In ‘Sugar and the City’, van Roosmalen looks at the ways three Chinese-Indonesians from different generations contributed to the development of the Dutch East Indies cities of Medan and Semarang. Although Tjong A Fie, Oei Tiong Ham, and Liem Bwan Tjie all deployed architecture in their self-fashioning, it was only Liem, the descendant of a successful manufacturing family, who became a professional architect, catering mainly to a Chinese-Indonesian clientele. Transgressing colonial categories of culture and community, the three played a critical role in negotiating approaches to architecture and town planning in the Dutch East Indies.

Ian Y. H. Tan’s article, ‘The Colonial Port as Contact Zone’, excavates an alternative genealogy of the godown, usually thought of as a warehouse particular to Asian treaty ports and colonial cities. A hybrid industrial and commercial space that combined processing and storage, the godown was critical to the commercial development of the imperial economy. In spite of its stylized appearance and its liberal use of Palladian motifs, the Singapore godown was more than a European typology imported into the tropics. Tan argues that it was unique to the city and integrated the skills, materials, and building traditions of the migrant communities that constituted thriving port cities like Singapore.
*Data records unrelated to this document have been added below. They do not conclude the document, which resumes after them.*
lemma poly_cancel_lead_coeff_prime_subfield:
  fixes f g :: "'a::{finite,field} poly"
  assumes f: "\<forall>i. coeff f i \<in> prime_subfield" and g: "\<forall>i. coeff g i \<in> prime_subfield"
    and "g \<noteq> 0" and deg: "degree g \<le> degree f"
  defines "c \<equiv> lead_coeff f / lead_coeff g" and "d \<equiv> degree f - degree g"
  shows "c \<in> prime_subfield"
    and "\<forall>i. coeff (f - monom c d * g) i \<in> prime_subfield"
    and "f - monom c d * g = 0 \<or> degree (f - monom c d * g) < degree f"
proof -
  show c: "c \<in> prime_subfield"
    unfolding c_def using f g by (simp add: prime_subfield_divide)
  show "\<forall>i. coeff (f - monom c d * g) i \<in> prime_subfield"
    using f g c by (auto simp: coeff_monom_mult intro!: prime_subfield_diff prime_subfield_mult)
  have "degree (monom c d * g) \<le> degree f"
    using degree_mult_le[of "monom c d" g] degree_monom_le[of c d] deg
    unfolding d_def by linarith
  then have "degree (f - monom c d * g) \<le> degree f" by (simp add: degree_diff_le)
  moreover have "coeff (f - monom c d * g) (degree f) = 0"
    using deg \<open>g \<noteq> 0\<close> by (simp add: coeff_monom_mult c_def d_def)
  ultimately show "f - monom c d * g = 0 \<or> degree (f - monom c d * g) < degree f"
    by (metis le_neq_implies_less leading_coeff_0_iff)
qed

lemma poly_divmod_prime_subfield:
  fixes f g :: "'a::{finite,field} poly"
  assumes "\<forall>i. coeff f i \<in> prime_subfield" and "\<forall>i. coeff g i \<in> prime_subfield" and "g \<noteq> 0"
  shows "\<exists>q r. (\<forall>i. coeff q i \<in> prime_subfield) \<and> (\<forall>i. coeff r i \<in> prime_subfield) \<and>
           f = g * q + r \<and> (r = 0 \<or> degree r < degree g)"
  using assms(1)
proof (induction "degree f" arbitrary: f rule: less_induct)
  case less
  show ?case
  proof (cases "f = 0 \<or> degree f < degree g")
    case True
    then show ?thesis using less.prems by (intro exI[of _ 0] exI[of _ f]) auto
  next
    case False
    then have "degree g \<le> degree f" by simp
    define c where "c = lead_coeff f / lead_coeff g"
    define d where "d = degree f - degree g"
    note cancel = poly_cancel_lead_coeff_prime_subfield[OF less.prems assms(2,3) \<open>degree g \<le> degree f\<close>,
        folded c_def d_def]
    have "\<exists>q r. (\<forall>i. coeff q i \<in> prime_subfield) \<and> (\<forall>i. coeff r i \<in> prime_subfield) \<and>
        f - monom c d * g = g * q + r \<and> (r = 0 \<or> degree r < degree g)"
      using cancel False less.hyps by (cases "f - monom c d * g = 0") (auto intro!: exI[of _ 0])
    then obtain q r where qr: "\<forall>i. coeff q i \<in> prime_subfield" "\<forall>i. coeff r i \<in> prime_subfield"
        "f - monom c d * g = g * q + r" "r = 0 \<or> degree r < degree g"
      by blast
    have "f = g * (q + monom c d) + r"
      using qr(3) by (simp add: algebra_simps eq_diff_eq)
    moreover have "\<forall>i. coeff (q + monom c d) i \<in> prime_subfield"
      using qr(1) cancel(1) by (auto simp: coeff_monom intro: prime_subfield_add)
    ultimately show ?thesis using qr(2,4) by blast
  qed
qed

lemma irreducible_over_root_degree_le:
  fixes \<alpha> :: "'a::{finite,field}"
  assumes f: "irreducible_over prime_subfield f" "poly f \<alpha> = 0"
    and h: "h \<noteq> 0" "\<forall>i. coeff h i \<in> prime_subfield" "poly h \<alpha> = 0"
  shows "degree f \<le> degree h"
proof -
  define P where "P g \<longleftrightarrow> g \<noteq> 0 \<and> (\<forall>i. coeff g i \<in> prime_subfield) \<and> poly g \<alpha> = 0" for g
  have "P h" using h by (simp add: P_def)
  then obtain g where "P g" and g_min: "\<And>g'. P g' \<Longrightarrow> degree g \<le> degree g'"
    using ex_has_least_nat[of P h degree] by blast
  then have g: "g \<noteq> 0" "\<forall>i. coeff g i \<in> prime_subfield" "poly g \<alpha> = 0"
    by (simp_all add: P_def)
  have f_coeffs: "\<forall>i. coeff f i \<in> prime_subfield" and "f \<noteq> 0"
    using f(1) by (auto simp: irreducible_over_def)
  obtain q r where qr: "\<forall>i. coeff q i \<in> prime_subfield" "\<forall>i. coeff r i \<in> prime_subfield"
      "f = g * q + r" "r = 0 \<or> degree r < degree g"
    using poly_divmod_prime_subfield[OF f_coeffs g(2,1)] by blast
  have "poly r \<alpha> = 0"
    using f(2) g(3) qr(3) by simp
  then have "r = 0"
    using qr(2,4) g_min[of r] unfolding P_def by (meson not_le)
  then have fgq: "f = g * q" using qr(3) by simp
  have "degree g \<noteq> 0"
  proof
    assume "degree g = 0"
    then obtain c where "g = [:c:]" by (metis degree_0_id)
    then show False using g(1,3) by simp
  qed
  then have "degree q = 0"
    using f(1) fgq g(2) qr(1) by (auto simp: irreducible_over_def)
  moreover have "q \<noteq> 0" using fgq \<open>f \<noteq> 0\<close> by auto
  ultimately have "degree f = degree g"
    using fgq g(1) by (simp add: degree_mult_eq)
  then show ?thesis using g_min \<open>P h\<close> by simp
qed

lemma field_elem_as_poly_in_root:
  fixes \<alpha> :: "'a::{finite,field}"
  assumes "prime p" and "CARD('a) = p ^ m"
    and f: "irreducible_over prime_subfield f" "degree f = m" "poly f \<alpha> = 0"
  shows "\<exists>c. a = (\<Sum>j<m. of_nat (c j) * \<alpha> ^ j)"
proof -
  define E where "E c = (\<Sum>j<m. of_nat (c j) * \<alpha> ^ j :: 'a)" for c
  define A where "A = PiE {..<m} (\<lambda>_. {..<p})"
  have "inj_on E A"
  proof (rule inj_onI)
    fix c c' assume c: "c \<in> A" "c' \<in> A" and "E c = E c'"
    define h where "h = (\<Sum>j<m. monom (of_nat (c j) - of_nat (c' j) :: 'a) j)"
    have coeff_h: "coeff h i = (if i < m then of_nat (c i) - of_nat (c' i) else 0)" for i
      by (simp add: h_def coeff_sum coeff_monom)
    have "poly h \<alpha> = E c - E c'"
      by (simp add: h_def E_def poly_sum poly_monom sum_subtractf algebra_simps)
    then have "poly h \<alpha> = 0" using \<open>E c = E c'\<close> by simp
    moreover have "\<forall>i. coeff h i \<in> prime_subfield"
      by (simp add: coeff_h prime_subfield_diff)
    moreover have "h \<noteq> 0 \<Longrightarrow> degree h < m"
      by (rule degree_lessI) (simp_all add: coeff_h)
    ultimately have "h = 0"
      using irreducible_over_root_degree_le[OF f(1,3), of h] f(2) by (meson leD)
    then have "[c j = c' j] (mod CHAR('a))" if "j < m" for j
      using coeff_h[of j] that by (simp add: of_nat_eq_iff_cong_CHAR[symmetric])
    then have "c j = c' j" if "j < m" for j
      using that c CHAR_eq_prime_of_card[OF assms(1,2)]
      by (intro cong_less_modulus_unique_nat[of _ _ "CHAR('a)"]) (auto simp: A_def)
    then show "c = c'"
      using c by (auto simp: A_def intro: PiE_ext)
  qed
  then have "card (E ` A) = CARD('a)"
    by (simp add: card_image A_def card_PiE assms(2))
  then have "E ` A = UNIV"
    by (intro card_subset_eq) auto
  then have "a \<in> E ` A" by simp
  then show ?thesis unfolding E_def by blast
qed

lemma psi_add: "psi m \<alpha> (u + w) = psi m \<alpha> u + psi m \<alpha> w"
  by (simp add: psi_def vec_eq_iff sum.distrib distrib_right)

lemma xi_add: "xi m \<alpha> H (u + w) = xi m \<alpha> H u + xi m \<alpha> H w"
  by (simp add: xi_def psi_add vector_matrix_left_distrib)

lemma psi_image_monomials:
  fixes \<alpha> :: "'a::field"
  assumes "\<And>a::'a. \<exists>c. a = (\<Sum>j<m. of_nat (c j) * \<alpha> ^ j)"
  shows "psi m \<alpha> ` monomials m = (UNIV :: ('a ^ 'n::finite) set)"
proof -
  have "v \<in> psi m \<alpha> ` monomials m" for v :: "'a ^ 'n"
  proof -
    have "\<forall>i. \<exists>ci. v $ i = (\<Sum>j<m. of_nat (ci j) * \<alpha> ^ j)"
      using assms by blast
    then obtain c where c: "\<And>i. v $ i = (\<Sum>j<m. of_nat (c i j) * \<alpha> ^ j)"
      by metis
    define w where "w = (\<Sum>i\<in>UNIV. \<Sum>j<m. replicate_mset (c i j) (i, j))"
    have count_w: "count w (i, j) = (if j < m then c i j else 0)" for i j
    proof -
      have "count w (i, j) = (\<Sum>i'\<in>UNIV. if i' = i then (\<Sum>j'<m. if j' = j then c i' j' else 0) else 0)"
        unfolding w_def count_sum count_replicate_mset by (intro sum.cong refl) auto
      then show ?thesis by simp
    qed
    have "j < m" if "(i, j) \<in># w" for i j
      using that count_w[of i j] by (auto split: if_splits simp flip: count_greater_zero_iff)
    then have "w \<in> monomials m"
      by (auto simp: monomials_def vars_def)
    moreover have "psi m \<alpha> w = v"
      by (simp add: psi_def vec_eq_iff count_w c)
    ultimately show ?thesis by blast
  qed
  then show ?thesis by blast
qed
These articles form the beginning of a collection that uses the figure of the comprador to interrogate the complex and uneven development of colonial cities and global modern architecture. Further investigations might explore not only the areas outlined above but also some of the following questions: How did comprador tastes shape the circulation of regional idioms? Did comprador building projects preserve local ‘traditions’ or accelerate the development of modern approaches to construction and design? How did comprador agents cultivate or weaken building expertise? How did comprador patronage support the growth of the architectural profession? How did comprador building projects intervene on the growth of new cities? How were compradors able to translate, across diverse social circumstances, building communities, and cultural tastes? How did comprador tastes appeal to both regionalist and nationalist tendencies? We welcome additional contributions that examine these questions and continue to explore the ways compradors in diverse regions of the world capitalist economy of the 19th and 20th centuries shaped a conversation between formative iterations of European and Asian architecture.

Acknowledgements

The first three articles in this collection were originally presented in the panel of the same name at the 2018 Fifth International Meeting of the European Architectural History Network in Tallinn. I wish to express my gratitude to the authors of the articles and to the editorial team of Architectural Histories for their efforts in shepherding this collection through the publication process during the global upheavals of the intervening two years.

Competing Interests

The author has no competing interests to declare.